The influence of a rating agency led by China and other emerging economies will grow with the increase of their economic and political power, and this will still take some time, Fan said.
A small number of firms will continue to hold sway, said Mei Xinyu, a researcher with the Chinese Academy of International Trade and Economic Cooperation, affiliated to the Ministry of Commerce.
"A market of unbridled competition could result in even more problems, making the relatively weaker players bow to pressure from clients and surrender their independence," Mei said. "So it will be the 'big three', with possibly some new agencies, that will dominate the market."

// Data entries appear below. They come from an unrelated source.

(* Read a POP from its top row downwards. Below a row T of length n with gaps
   d_i = T_i - T_(i+1) (where T_(n+1) = 0), the next row B together with the partitions between
   the two rows amounts to an independent choice, for every i, of a partition fitting into an
   (l_i, d_i - l_i) box for some l_i <= d_i; then B_i = T_i - l_i. For fixed l_i there are
   binom d_i l_i such partitions, and the gaps of B are d_i - l_i + l_(i+1). Hence if the
   patterns below a row with gaps e are counted by prod_i c_i^e_i, those below T are counted by
   prod_i sum_l binom d_i l c_i^(d_i - l) c_(i-1)^l = prod_i (c_i + c_(i-1))^d_i, with c_0 = 1.
   By Pascal's rule for c_i = binom k i - binom k (i - 2) each interlacing step raises k by one,
   and an induction over the 2r - 2 resp. 2r - 1 steps gives the formula. Distinct POPs give
   distinct monomials because the roots determine from which step and which i a letter comes. *)
theory Submission
  imports Defs "HOL-Library.FuncSet" "HOL-Library.Multiset"
begin

section \<open>Partitions in a box\<close>

definition box_partitions :: "nat \<Rightarrow> nat \<Rightarrow> nat list set" where
  "box_partitions k m = {xs. sorted xs \<and> length xs = k \<and> (\<forall>e\<in>set xs. e \<le> m)}"

definition fitting_partitions :: "nat \<Rightarrow> nat list set" where
  "fitting_partitions d = (\<Union>k\<in>{0..d}. box_partitions k (d - k))"

lemma mem_fitting_partitions:
  "xs \<in> fitting_partitions d \<longleftrightarrow> sorted xs \<and> length xs \<le> d \<and> (\<forall>e\<in>set xs. e \<le> d - length xs)"
  by (auto simp: fitting_partitions_def box_partitions_def)

lemma finite_box_partitions: "finite (box_partitions k m)"
proof (rule finite_subset)
  show "box_partitions k m \<subseteq> {xs. set xs \<subseteq> {0..m} \<and> length xs \<le> k}"
    by (auto simp: box_partitions_def)
qed (rule finite_lists_length_le, simp)

lemma finite_fitting_partitions: "finite (fitting_partitions d)"
  by (simp add: fitting_partitions_def finite_box_partitions)

lemma card_box_partitions: "card (box_partitions k m) = (m + k) choose k"
proof -
  have "bij_betw mset (box_partitions k m) (multisets_of_size {0..m} k)"
  proof (rule bij_betw_byWitness[where f' = sorted_list_of_multiset])
    show "\<forall>xs\<in>box_partitions k m. sorted_list_of_multiset (mset xs) = xs"
      by (auto simp: box_partitions_def sorted_sort_id)
    show "mset ` box_partitions k m \<subseteq> multisets_of_size {0..m} k"
      by (auto simp: box_partitions_def multisets_of_size_def)
    show "sorted_list_of_multiset ` multisets_of_size {0..m} k \<subseteq> box_partitions k m"
      by (auto simp: box_partitions_def multisets_of_size_def)
         (metis mset_sorted_list_of_multiset size_mset)
  qed simp
  then have "card (box_partitions k m) = card (multisets_of_size {0..m} k)"
    by (rule bij_betw_same_card)
  then show ?thesis by (simp add: card_multisets_of_size)
qed

lemma sum_fitting_partitions_binomial:
  fixes a b :: "'a::comm_semiring_1"
  shows "(\<Sum>xs\<in>fitting_partitions d. a ^ (d - length xs) * b ^ length xs) = (a + b) ^ d"
proof -
  have "(\<Sum>xs\<in>fitting_partitions d. a ^ (d - length xs) * b ^ length xs)
      = (\<Sum>k=0..d. \<Sum>xs\<in>box_partitions k (d - k). a ^ (d - length xs) * b ^ length xs)"
    unfolding fitting_partitions_def
    by (rule sum.UNION_disjoint) (simp_all add: finite_box_partitions, auto simp: box_partitions_def)
  also have "\<dots> = (\<Sum>k=0..d. \<Sum>xs\<in>box_partitions k (d - k). a ^ (d - k) * b ^ k)"
    by (intro sum.cong refl) (auto simp: box_partitions_def)
  also have "\<dots> = (\<Sum>k=0..d. of_nat (d choose k) * (a ^ (d - k) * b ^ k))"
    by (simp add: card_box_partitions)
  also have "\<dots> = (a + b) ^ d"
    by (subst add.commute) (simp add: binomial_ring atLeast0AtMost mult_ac)
  finally show ?thesis .
qed

lemma sum_PiE_fitting_partitions_binomial:
  fixes a b :: "nat \<Rightarrow> 'a::comm_semiring_1"
  assumes "finite I"
  shows "(\<Sum>Q\<in>PiE I (\<lambda>i. fitting_partitions (D i)).
            \<Prod>i\<in>I. a i ^ (D i - length (Q i)) * b i ^ length (Q i))
       = (\<Prod>i\<in>I. (a i + b i) ^ D i)"
  using prod_sum_PiE[OF assms, of "\<lambda>i. fitting_partitions (D i)"
      "\<lambda>i xs. a i ^ (D i - length xs) * b i ^ length xs"]
  by (simp add: finite_fitting_partitions sum_fitting_partitions_binomial)

section \<open>Interlacing rows\<close>

definition row_pad :: "nat \<Rightarrow> (nat \<Rightarrow> int) \<Rightarrow> nat \<Rightarrow> int" where
  "row_pad n f k = (if k = Suc n then 0 else f k)"

definition dominant_row :: "nat \<Rightarrow> (nat \<Rightarrow> int) \<Rightarrow> bool" where
  "dominant_row n f \<longleftrightarrow> (\<forall>i\<in>{1..n}. row_pad n f (Suc i) \<le> f i)"

definition row_gap :: "nat \<Rightarrow> (nat \<Rightarrow> int) \<Rightarrow> nat \<Rightarrow> nat" where
  "row_gap n f i = nat (f i - row_pad n f (Suc i))"

(* Both kinds of interlacing in a pattern are instances: (lambda^j, eta^j) with n = m = j,
   and (eta^(j+1), lambda^j) with n = j + 1 and m = j. *)
definition interlaced_step ::
  "nat \<Rightarrow> nat \<Rightarrow> (nat \<Rightarrow> int) \<Rightarrow> (nat \<Rightarrow> int) \<Rightarrow> (nat \<Rightarrow> nat list) \<Rightarrow> bool" where
  "interlaced_step n m T B P \<longleftrightarrow>
     (\<forall>i\<in>{1..m}. B i \<le> T i \<and> row_pad n T (Suc i) \<le> B i \<and>
        fits (P i) (T i - B i) (B i - row_pad n T (Suc i)))"

lemma fits_between_iff:
  "(B \<le> T \<and> c \<le> B \<and> fits P (T - B) (B - c)) \<longleftrightarrow>
   (c \<le> T \<and> P \<in> fitting_partitions (nat (T - c)) \<and> B = T - int (length P))"
proof
  assume h: "B \<le> T \<and> c \<le> B \<and> fits P (T - B) (B - c)"
  then have len: "int (length P) = T - B" and entries: "\<forall>e\<in>set P. int e \<le> B - c"
    by (auto simp: fits_def)
  have "\<forall>e\<in>set P. e \<le> nat (T - c) - length P"
    using entries len h by auto
  with h len show "c \<le> T \<and> P \<in> fitting_partitions (nat (T - c)) \<and> B = T - int (length P)"
    by (auto simp: fits_def mem_fitting_partitions)
next
  assume h: "c \<le> T \<and> P \<in> fitting_partitions (nat (T - c)) \<and> B = T - int (length P)"
  then have len: "length P \<le> nat (T - c)" and entries: "\<forall>e\<in>set P. e \<le> nat (T - c) - length P"
    by (auto simp: mem_fitting_partitions)
  have "\<forall>e\<in>set P. int e \<le> B - c"
    using entries len h by auto
  with h len show "B \<le> T \<and> c \<le> B \<and> fits P (T - B) (B - c)"
    by (auto simp: fits_def mem_fitting_partitions)
qed

lemma interlaced_step_iff:
  assumes "dominant_row n T" "m \<le> n"
  shows "interlaced_step n m T B P \<longleftrightarrow>
    (\<forall>i\<in>{1..m}. P i \<in> fitting_partitions (row_gap n T i) \<and> B i = T i - int (length (P i)))"
proof -
  have "row_pad n T (Suc i) \<le> T i" if "i \<in> {1..m}" for i
    using assms that by (auto simp: dominant_row_def)
  then show ?thesis
    unfolding interlaced_step_def row_gap_def using fits_between_iff by blast
qed

lemma interlaced_step_cong:
  assumes "m \<le> n" "\<forall>i\<in>{1..n}. T' i = T i"
  shows "interlaced_step n m T' B P = interlaced_step n m T B P"
proof -
  have "row_pad n T' (Suc i) = row_pad n T (Suc i) \<and> T' i = T i" if "i \<in> {1..m}" for i
    using assms that by (auto simp: row_pad_def)
  then show ?thesis by (simp add: interlaced_step_def)
qed

lemma row_pad_nonneg:
  assumes "m \<le> n" "n \<le> Suc m" "dominant_row n T"
  shows "0 \<le> row_pad n T (Suc m)"
proof (cases "n = m")
  case False
  then have "n = Suc m" using assms(1,2) by simp
  then show ?thesis
    using assms(3) unfolding dominant_row_def by (force simp: row_pad_def)
qed (simp add: row_pad_def)

lemma row_pad_remove:
  assumes "m \<le> n" "i \<in> {1..m}"
  shows "(T i - int (length (Q i))) - row_pad m (\<lambda>i. T i - int (length (Q i))) (Suc i)
       = (T i - row_pad n T (Suc i)) - int (length (Q i)) +
         (if i < m then int (length (Q (Suc i))) else row_pad n T (Suc m))"
  using assms by (auto simp: row_pad_def)

lemma prod_power_shift:
  fixes c :: "nat \<Rightarrow> 'a::comm_monoid_mult"
  assumes "c 0 = 1"
  shows "(\<Prod>i=1..m. c i ^ K (Suc i)) = (\<Prod>i=1..m. c (i - 1) ^ K i) * c m ^ K (Suc m)"
proof (induction m)
  case (Suc m)
  then show ?case by (simp add: prod.cl_ivl_Suc mult_ac)
qed (simp add: assms)

context
  fixes n m :: nat and T :: "nat \<Rightarrow> int" and Q :: "nat \<Rightarrow> nat list"
  assumes row_lengths: "m \<le> n" "n \<le> Suc m"
    and dominant: "dominant_row n T"
    and Q: "Q \<in> PiE {1..m} (\<lambda>i. fitting_partitions (row_gap n T i))"
begin

private lemma length_le_row_gap: "i \<in> {1..m} \<Longrightarrow> int (length (Q i)) \<le> T i - row_pad n T (Suc i)"
proof -
  assume i: "i \<in> {1..m}"
  then have "length (Q i) \<le> row_gap n T i"
    using Q by (auto simp: mem_fitting_partitions)
  moreover have "row_pad n T (Suc i) \<le> T i"
    using dominant i row_lengths by (auto simp: dominant_row_def)
  ultimately show ?thesis by (simp add: row_gap_def)
qed

lemma dominant_row_remove: "dominant_row m (\<lambda>i. T i - int (length (Q i)))"
  unfolding dominant_row_def
proof
  fix i assume i: "i \<in> {1..m}"
  show "row_pad m (\<lambda>i. T i - int (length (Q i))) (Suc i) \<le> T i - int (length (Q i))"
    using row_pad_remove[OF row_lengths(1) i, of T Q] length_le_row_gap[OF i]
      row_pad_nonneg[OF row_lengths dominant]
    by (simp split: if_splits)
qed

lemma row_gap_remove:
  assumes "i \<in> {1..m}"
  shows "row_gap m (\<lambda>i. T i - int (length (Q i))) i
       = row_gap n T i - length (Q i) + (if i < m then length (Q (Suc i)) else nat (row_pad n T (Suc m)))"
  using row_pad_remove[OF row_lengths(1) assms, of T Q] length_le_row_gap[OF assms]
    row_pad_nonneg[OF row_lengths dominant]
  unfolding row_gap_def by auto

lemma prod_power_row_gap_remove:
  fixes c :: "nat \<Rightarrow> 'a::comm_monoid_mult"
  assumes "c 0 = 1"
  shows "(\<Prod>i=1..m. c i ^ row_gap m (\<lambda>i. T i - int (length (Q i))) i)
       = (\<Prod>i=1..m. c i ^ (row_gap n T i - length (Q i)) * c (i - 1) ^ length (Q i))
         * c m ^ nat (row_pad n T (Suc m))"
proof -
  define K where "K i = (if i \<le> m then length (Q i) else nat (row_pad n T (Suc m)))" for i
  have "(\<Prod>i=1..m. c i ^ row_gap m (\<lambda>i. T i - int (length (Q i))) i)
      = (\<Prod>i=1..m. c i ^ (row_gap n T i - length (Q i)) * c i ^ K (Suc i))"
    by (intro prod.cong refl) (auto simp: row_gap_remove K_def power_add)
  also have "\<dots> = (\<Prod>i=1..m. c i ^ (row_gap n T i - length (Q i)))
      * ((\<Prod>i=1..m. c (i - 1) ^ K i) * c m ^ K (Suc m))"
    by (simp only: prod.distrib prod_power_shift[where c = c, OF assms])
  also have "(\<Prod>i=1..m. c (i - 1) ^ K i) = (\<Prod>i=1..m. c (i - 1) ^ length (Q i))"
    by (intro prod.cong) (auto simp: K_def)
  finally show ?thesis by (simp add: prod.distrib K_def mult.assoc)
qed

end

lemma sum_prod_power_row_gap_remove:
  fixes c :: "nat \<Rightarrow> 'a::comm_semiring_1"
  assumes row_lengths: "m \<le> n" "n \<le> Suc m" and dominant: "dominant_row n T"
    and "c 0 = 1" and top: "n = Suc m \<Longrightarrow> c n = 0"
  shows "(\<Sum>Q\<in>PiE {1..m} (\<lambda>i. fitting_partitions (row_gap n T i)).
            \<Prod>i=1..m. c i ^ row_gap m (\<lambda>i. T i - int (length (Q i))) i)
       = (\<Prod>i=1..n. (c i + c (i - 1)) ^ row_gap n T i)"
proof -
  have "(\<Sum>Q\<in>PiE {1..m} (\<lambda>i. fitting_partitions (row_gap n T i)).
            \<Prod>i=1..m. c i ^ row_gap m (\<lambda>i. T i - int (length (Q i))) i)
      = (\<Sum>Q\<in>PiE {1..m} (\<lambda>i. fitting_partitions (row_gap n T i)).
            \<Prod>i=1..m. c i ^ (row_gap n T i - length (Q i)) * c (i - 1) ^ length (Q i))
         * c m ^ nat (row_pad n T (Suc m))"
    unfolding sum_distrib_right
    by (intro sum.cong refl prod_power_row_gap_remove[where c = c, OF row_lengths dominant _ assms(4)])
  also have "\<dots> = (\<Prod>i=1..m. (c i + c (i - 1)) ^ row_gap n T i) * c m ^ nat (row_pad n T (Suc m))"
    by (simp add: sum_PiE_fitting_partitions_binomial)
  also have "\<dots> = (\<Prod>i=1..n. (c i + c (i - 1)) ^ row_gap n T i)"
  proof (cases "n = m")
    case False
    then have n: "n = Suc m" using row_lengths by simp
    then show ?thesis using top[OF n] by (simp add: prod.cl_ivl_Suc row_gap_def row_pad_def)
  qed (simp add: row_pad_def)
  finally show ?thesis .
qed

section \<open>Staircases and their words\<close>

definition row_len :: "nat \<Rightarrow> nat" where
  "row_len k = Suc k div 2"

(* The rows R 1, R 2, R 3, ... stand for eta^1, lambda^1, eta^2, ... (see interleave below);
   row k has row_len k entries, and P k holds the partitions between the rows Suc k and k. *)
definition staircase ::
  "nat \<Rightarrow> (nat \<Rightarrow> int) \<Rightarrow> (nat \<Rightarrow> nat \<Rightarrow> int) \<Rightarrow> (nat \<Rightarrow> nat \<Rightarrow> nat list) \<Rightarrow> bool" where
  "staircase k T R P \<longleftrightarrow> (\<forall>i\<in>{1..row_len k}. R k i = T i) \<and>
     (\<forall>k'\<in>{1..<k}. interlaced_step (row_len (Suc k')) (row_len k') (R (Suc k')) (R k') (P k'))"

lemma row_len_Suc: "row_len k \<le> row_len (Suc k)" "row_len (Suc k) \<le> Suc (row_len k)"
  by (simp_all add: row_len_def)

Ahmed Sule, a strategist for Diadem Capital in London, said a major challenge for a new agency is the probability that its ratings will be disregarded, at least initially. On top of this, any new agency will not have easy access to debt issuers in developed markets.
"The agency would have to be independent and autonomous; this could be a challenge but the agency would have to work toward this independence if it is to be accepted by the international capital market," Sule wrote in a commentary.
Brian Lawson, global economist at Exclusive Analysis in London, also warned that integrity was a key factor.
"Ultimately any agency should be driven by its own rating policies, though these may be subject to political influence."
A European agency would lack credibility if it were seen as pro-Europe, and investors would probably continue to use US agencies, Lawson said.